Look for the word "Tgen" in the entries below, then copy every line that has it.
+-------+
(* Let $\mathsf{T}$ be the algebra antihomomorphism of $U_{K,L,norm}$ (i.e. linear with $\mathsf{T}(xy)=\mathsf{T}(y)\mathsf{T}(x)$, $\mathsf{T}(\mathbf{1})=\mathbf{1}$) determined by $\mathsf{T}(K)=\overline{K}$, $\mathsf{T}(\overline{K})=K$, $\mathsf{T}(L)=\overline{L}$, $\mathsf{T}(\overline{L})=L$, $\mathsf{T}(E)=-E(\overline{K}+\overline{L})$, $\mathsf{T}(F)=-(K+L)F$. Then $\mathsf{T}$ is von Neumann regular with respect to convolution: $\mathsf{id}\star\mathsf{T}\star\mathsf{id}=\mathsf{id}$ and $\mathsf{T}\star\mathsf{id}\star\mathsf{T}=\mathsf{T}$.
   Context: Fix $q\in\mathbb{C}$, $q\neq 0,\pm1$. $U_{K,L,norm}$ is the unital associative $\mathbb{C}$-algebra generated by $K,\overline{K},L,\overline{L},E,F$ subject to $K\overline{K}K=K$, $\overline{K}K\overline{K}=\overline{K}$, $K\overline{K}=\overline{K}K$, $L\overline{L}L=L$, $\overline{L}L\overline{L}=\overline{L}$, $L\overline{L}=\overline{L}L$, $K\overline{K}+L\overline{L}=\mathbf{1}$, $KE=q^2EK$, $LE=q^2EL$, $\overline{K}E=q^{-2}E\overline{K}$, $\overline{L}E=q^{-2}E\overline{L}$, $KF=q^{-2}FK$, $LF=q^{-2}FL$, $\overline{K}F=q^2F\overline{K}$, $\overline{L}F=q^2F\overline{L}$, $EF-FE=\frac{(K+L)-(\overline{K}+\overline{L})}{q-q^{-1}}$. It is a bialgebra with the algebra homomorphisms $\Delta,\varepsilon$ determined by $\Delta(K)=K\otimes K$, $\Delta(\overline{K})=\overline{K}\otimes\overline{K}$, $\Delta(L)=L\otimes L+L\otimes K+K\otimes L$, $\Delta(\overline{L})=\overline{L}\otimes\overline{L}+\overline{L}\otimes\overline{K}+\overline{K}\otimes\overline{L}$, $\Delta(E)=\mathbf{1}\otimes E+E\otimes(K+L)$, $\Delta(F)=F\otimes\mathbf{1}+(\overline{K}+\overline{L})\otimes F$, $\varepsilon(K)=\varepsilon(\overline{K})=1$, $\varepsilon(L)=\varepsilon(\overline{L})=\varepsilon(E)=\varepsilon(F)=0$. For linear maps $A,B$ of $U_{K,L,norm}$, the convolution is $A\star B=\mu\circ(A\otimes B)\circ\Delta$, where $\mu$ is the multiplication. *)

theory Defs
  imports Complex_Main "HOL-Library.Poly_Mapping"
begin

datatype gen = gK | gKb | gL | gLb | gE | gF

type_synonym free = "gen list \<Rightarrow>\<^sub>0 complex"

definition fmul :: "free \<Rightarrow> free \<Rightarrow> free" where
  "fmul p r = (\<Sum>u\<in>Poly_Mapping.keys p. \<Sum>v\<in>Poly_Mapping.keys r. Poly_Mapping.single (u @ v) (Poly_Mapping.lookup p u * Poly_Mapping.lookup r v))"

definition fsc :: "complex \<Rightarrow> free \<Rightarrow> free" where
  "fsc c p = fmul (Poly_Mapping.single [] c) p"

definition fone :: free where "fone = Poly_Mapping.single [] 1"

definition fgen :: "gen \<Rightarrow> free" where "fgen g = Poly_Mapping.single [g] 1"

definition flin :: "(gen list \<Rightarrow> free) \<Rightarrow> free \<Rightarrow> free" where
  "flin f p = (\<Sum>u\<in>Poly_Mapping.keys p. fsc (Poly_Mapping.lookup p u) (f u))"

definition rels :: "complex \<Rightarrow> free set" where
  "rels q = (let K = fgen gK; Kb = fgen gKb; L = fgen gL; Lb = fgen gLb; E = fgen gE; F = fgen gF;
               m = fmul in
   { m K (m Kb K) - K, m Kb (m K Kb) - Kb, m K Kb - m Kb K,
     m L (m Lb L) - L, m Lb (m L Lb) - Lb, m L Lb - m Lb L,
     m K Kb + m L Lb - fone,
     m K E - fsc (q^2) (m E K), m L E - fsc (q^2) (m E L),
     m Kb E - fsc (q powi -2) (m E Kb), m Lb E - fsc (q powi -2) (m E Lb),
     m K F - fsc (q powi -2) (m F K), m L F - fsc (q powi -2) (m F L),
     m Kb F - fsc (q^2) (m F Kb), m Lb F - fsc (q^2) (m F Lb),
     m E F - m F E - fsc (1 / (q - inverse q)) ((K + L) - (Kb + Lb)) })"

inductive_set ideal_U :: "complex \<Rightarrow> free set" for q where
  gen_rel: "r \<in> rels q \<Longrightarrow> r \<in> ideal_U q"
| zero: "0 \<in> ideal_U q"
| add: "a \<in> ideal_U q \<Longrightarrow> b \<in> ideal_U q \<Longrightarrow> a + b \<in> ideal_U q"
| mult: "a \<in> ideal_U q \<Longrightarrow> fmul x (fmul a y) \<in> ideal_U q"

text \<open>Equality in U_{K,L,norm}: two representatives are equal iff their difference lies in the ideal.\<close>
definition eqU :: "complex \<Rightarrow> free \<Rightarrow> free \<Rightarrow> bool" where
  "eqU q a b \<longleftrightarrow> a - b \<in> ideal_U q"

text \<open>Delta of a generator, as a list of simple tensors a \<otimes> b.\<close>
fun Dgen :: "gen \<Rightarrow> (free \<times> free) list" where
  "Dgen gK = [(fgen gK, fgen gK)]"
| "Dgen gKb = [(fgen gKb, fgen gKb)]"
| "Dgen gL = [(fgen gL, fgen gL), (fgen gL, fgen gK), (fgen gK, fgen gL)]"
| "Dgen gLb = [(fgen gLb, fgen gLb), (fgen gLb, fgen gKb), (fgen gKb, fgen gLb)]"
| "Dgen gE = [(fone, fgen gE), (fgen gE, fgen gK + fgen gL)]"
| "Dgen gF = [(fgen gF, fone), (fgen gKb + fgen gLb, fgen gF)]"

text \<open>Delta is an algebra homomorphism: Delta of a word is the product of the Deltas of its letters.\<close>
fun Dword :: "gen list \<Rightarrow> (free \<times> free) list" where
  "Dword [] = [(fone, fone)]"
| "Dword (g # w) = [(fmul a c, fmul b d). (a, b) \<leftarrow> Dgen g, (c, d) \<leftarrow> Dword w]"

text \<open>Convolution A \<star> B = mu \<circ> (A \<otimes> B) \<circ> Delta, for maps given on representatives.\<close>
definition conv :: "(free \<Rightarrow> free) \<Rightarrow> (free \<Rightarrow> free) \<Rightarrow> free \<Rightarrow> free" where
  "conv A B = flin (\<lambda>u. sum_list (map (\<lambda>(a, b). fmul (A a) (B b)) (Dword u)))"

definition Tgen :: "gen \<Rightarrow> free" where
  "Tgen g = (case g of
      gK \<Rightarrow> fgen gKb | gKb \<Rightarrow> fgen gK | gL \<Rightarrow> fgen gLb | gLb \<Rightarrow> fgen gL
    | gE \<Rightarrow> - fmul (fgen gE) (fgen gKb + fgen gLb)
    | gF \<Rightarrow> - fmul (fgen gK + fgen gL) (fgen gF))"

fun Tword :: "gen list \<Rightarrow> free" where
  "Tword [] = fone"
| "Tword (g # w) = fmul (Tword w) (Tgen g)"

definition Tmap :: "free \<Rightarrow> free" where "Tmap = flin Tword"

end

theory Submission
  imports Defs
begin

(* Write phi = conv id T and psi = conv T id.

   (1) The relations make e = K Kbar and f = L Lbar complementary idempotents,
       central when q is nonzero; e fixes K and Kbar, f fixes L and Lbar, and
       all mixed products such as K L vanish.
   (2) On the generators K, Kbar, L, Lbar, E, F the maps phi and psi take the
       central values e, e, f, f, 0, 0.  Because Delta is multiplicative and T
       antimultiplicative, phi(g u) = phi(u) phi(g) and psi(g u) = psi(g) psi(u)
       along words, so phi and psi are central-valued and (anti)multiplicative.
   (3) Consequently conv phi id is multiplicative and conv psi T
       antimultiplicative on words, and by (1) they send a generator g to g
       resp. T(g). *)

section \<open>The free algebra as a monoid algebra\<close>

text \<open>Words form a monoid under concatenation; written additively, Poly_Mapping turns
  the type free of finitely supported coefficient functions on words into the
  corresponding monoid algebra, whose product is the free-algebra product.\<close>

instantiation list :: (type) monoid_add
begin
definition zero_list :: "'a list" where "zero_list = []"
definition plus_list :: "'a list \<Rightarrow> 'a list \<Rightarrow> 'a list" where "plus_list = append"
instance by standard (simp_all add: zero_list_def plus_list_def)
end

abbreviation scal :: "complex \<Rightarrow> free" where "scal c \<equiv> Poly_Mapping.single [] c"

lemma poly_mapping_monomial_sum:
  "(p :: 'a \<Rightarrow>\<^sub>0 'b::comm_monoid_add) =
     (\<Sum>u\<in>Poly_Mapping.keys p. Poly_Mapping.single u (Poly_Mapping.lookup p u))"
  by (rule poly_mapping_eqI) (simp add: lookup_sum lookup_single when_def in_keys_iff)

lemma poly_mapping_linear_induct [case_names zero monomial add]:
  fixes p :: "'a \<Rightarrow>\<^sub>0 'b::comm_monoid_add"
  assumes "P 0" "\<And>w c. P (Poly_Mapping.single w c)" "\<And>a b. P a \<Longrightarrow> P b \<Longrightarrow> P (a + b)"
  shows "P p"
proof -
  have "P (\<Sum>u\<in>A. Poly_Mapping.single u (Poly_Mapping.lookup p u))" if "finite A" for A
    using that by (induction A rule: finite_induct) (auto intro: assms)
  then show ?thesis by (subst poly_mapping_monomial_sum) simp
qed

lemma single_mult:
  "Poly_Mapping.single u c * Poly_Mapping.single v d = Poly_Mapping.single (u @ v) (c * d)"
  by (simp add: mult_single plus_list_def)

lemma fmul_eq: "fmul p r = p * r"
proof -
  have "fmul p r = (\<Sum>u\<in>Poly_Mapping.keys p. \<Sum>v\<in>Poly_Mapping.keys r.
          Poly_Mapping.single u (Poly_Mapping.lookup p u) * Poly_Mapping.single v (Poly_Mapping.lookup r v))"
    unfolding fmul_def by (simp add: single_mult)
  also have "\<dots> = (\<Sum>u\<in>Poly_Mapping.keys p. Poly_Mapping.single u (Poly_Mapping.lookup p u))
                 * (\<Sum>v\<in>Poly_Mapping.keys r. Poly_Mapping.single v (Poly_Mapping.lookup r v))"
    by (simp add: sum_product)
  also have "\<dots> = p * r"
    by (simp flip: poly_mapping_monomial_sum)
  finally show ?thesis .
qed

lemma fone_eq: "fone = 1"
  unfolding fone_def by (metis single_one zero_list_def)

lemma scal_one: "scal 1 = 1"
  by (metis single_one zero_list_def)

lemma fsc_eq: "fsc c p = scal c * p"
  by (simp add: fsc_def fmul_eq)

lemma scal_mult: "scal c * scal d = scal (c * d)"
  by (simp add: single_mult)

lemma single_scal: "Poly_Mapping.single w c = scal c * Poly_Mapping.single w 1"
  by (simp add: single_mult)

lemma single_Cons: "Poly_Mapping.single (g # w) c = fgen g * Poly_Mapping.single w c"
  by (simp add: fgen_def single_mult)

lemma scal_commute: "scal c * (x::free) = x * scal c"
proof (induction x rule: poly_mapping_linear_induct)
  case (add a b) then show ?case by (simp add: algebra_simps)
qed (simp_all add: single_mult mult.commute)

lemma flin_superset:
  assumes "finite S" "Poly_Mapping.keys p \<subseteq> S"
  shows "flin f p = (\<Sum>u\<in>S. scal (Poly_Mapping.lookup p u) * f u)"
  unfolding flin_def fsc_eq
  by (rule sum.mono_neutral_left) (use assms in \<open>auto simp: in_keys_iff\<close>)

lemma flin_add: "flin f (a + b) = flin f a + flin f b"
proof -
  let ?S = "Poly_Mapping.keys a \<union> Poly_Mapping.keys b \<union> Poly_Mapping.keys (a + b)"
  have "flin f (a + b) = (\<Sum>u\<in>?S. scal (Poly_Mapping.lookup (a + b) u) * f u)"
    by (rule flin_superset) auto
  also have "\<dots> = (\<Sum>u\<in>?S. scal (Poly_Mapping.lookup a u) * f u)
                 + (\<Sum>u\<in>?S. scal (Poly_Mapping.lookup b u) * f u)"
    by (simp add: lookup_add single_add distrib_right sum.distrib)
  also have "\<dots> = flin f a + flin f b"
    by (subst (1 2) flin_superset[symmetric]) auto
  finally show ?thesis .
qed

lemma flin_single: "flin f (Poly_Mapping.single w c) = scal c * f w"
proof -
  have "flin f (Poly_Mapping.single w c)
        = (\<Sum>u\<in>{w}. scal (Poly_Mapping.lookup (Poly_Mapping.single w c) u) * f u)"
    by (rule flin_superset) auto
  then show ?thesis by simp
qed

lemma flin_zero: "flin f 0 = 0"
  by (simp add: flin_def)

lemma flin_uminus: "flin f (- a) = - flin f a"
  by (metis add.inverse_unique add.right_inverse flin_add flin_zero)

lemma flin_words: "flin (\<lambda>w. Poly_Mapping.single w 1) p = p"
  by (induction p rule: poly_mapping_linear_induct)
     (simp_all add: flin_zero flin_add flin_single flip: single_scal)

lemma Tmap_single: "Tmap (Poly_Mapping.single w c) = scal c * Tword w"
  by (simp add: Tmap_def flin_single)

lemma Tmap_add: "Tmap (a + b) = Tmap a + Tmap b"
  by (simp add: Tmap_def flin_add)

lemma Tmap_zero: "Tmap 0 = 0"
  by (simp add: Tmap_def flin_zero)

lemma Tmap_uminus: "Tmap (- a) = - Tmap a"
  by (simp add: Tmap_def flin_uminus)

lemma Tmap_fgen: "Tmap (fgen g) = Tgen g"
  by (simp add: fgen_def Tmap_single scal_one fmul_eq fone_eq)

lemma Tmap_one: "Tmap 1 = 1"
  using Tmap_single[of "[]" 1] by (simp add: scal_one fone_eq zero_list_def)

lemma Tword_append: "Tword (u @ v) = Tword v * Tword u"
  by (induction u) (simp_all add: fmul_eq fone_eq mult.assoc)

lemma Tmap_mult: "Tmap (x * y) = Tmap y * Tmap x"
proof (induction x arbitrary: y rule: poly_mapping_linear_induct)
  case zero then show ?case by (simp add: Tmap_zero)
next
  case (add a b) then show ?case by (simp add: Tmap_add algebra_simps)
next
  case (monomial u c)
  show ?case
  proof (induction y rule: poly_mapping_linear_induct)
    case zero then show ?case by (simp add: Tmap_zero)
  next
    case (add a b) then show ?case by (simp add: Tmap_add algebra_simps)
  next
    case (monomial v d)
    have "Tmap (Poly_Mapping.single u c * Poly_Mapping.single v d) = scal (c * d) * (Tword v * Tword u)"
      by (simp add: single_mult Tmap_single Tword_append)
    also have "\<dots> = scal d * (scal c * Tword v) * Tword u"
      by (simp add: mult.commute[of c d] mult.assoc flip: scal_mult)
    also have "\<dots> = (scal d * Tword v) * (scal c * Tword u)"
      by (subst scal_commute[of c "Tword v"]) (simp add: mult.assoc)
    finally show ?case by (simp add: Tmap_single)
  qed
qed

definition conv_word :: "(free \<Rightarrow> free) \<Rightarrow> (free \<Rightarrow> free) \<Rightarrow> gen list \<Rightarrow> free" where
  "conv_word A B w = sum_list (map (\<lambda>(a, b). A a * B b) (Dword w))"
+-------+
SOLUTION TO THIS TASK
definition Tgen :: "gen \<Rightarrow> free" where
  "Tgen g = (case g of
| "Tword (g # w) = fmul (Tword w) (Tgen g)"
lemma Tmap_fgen: "Tmap (fgen g) = Tgen g"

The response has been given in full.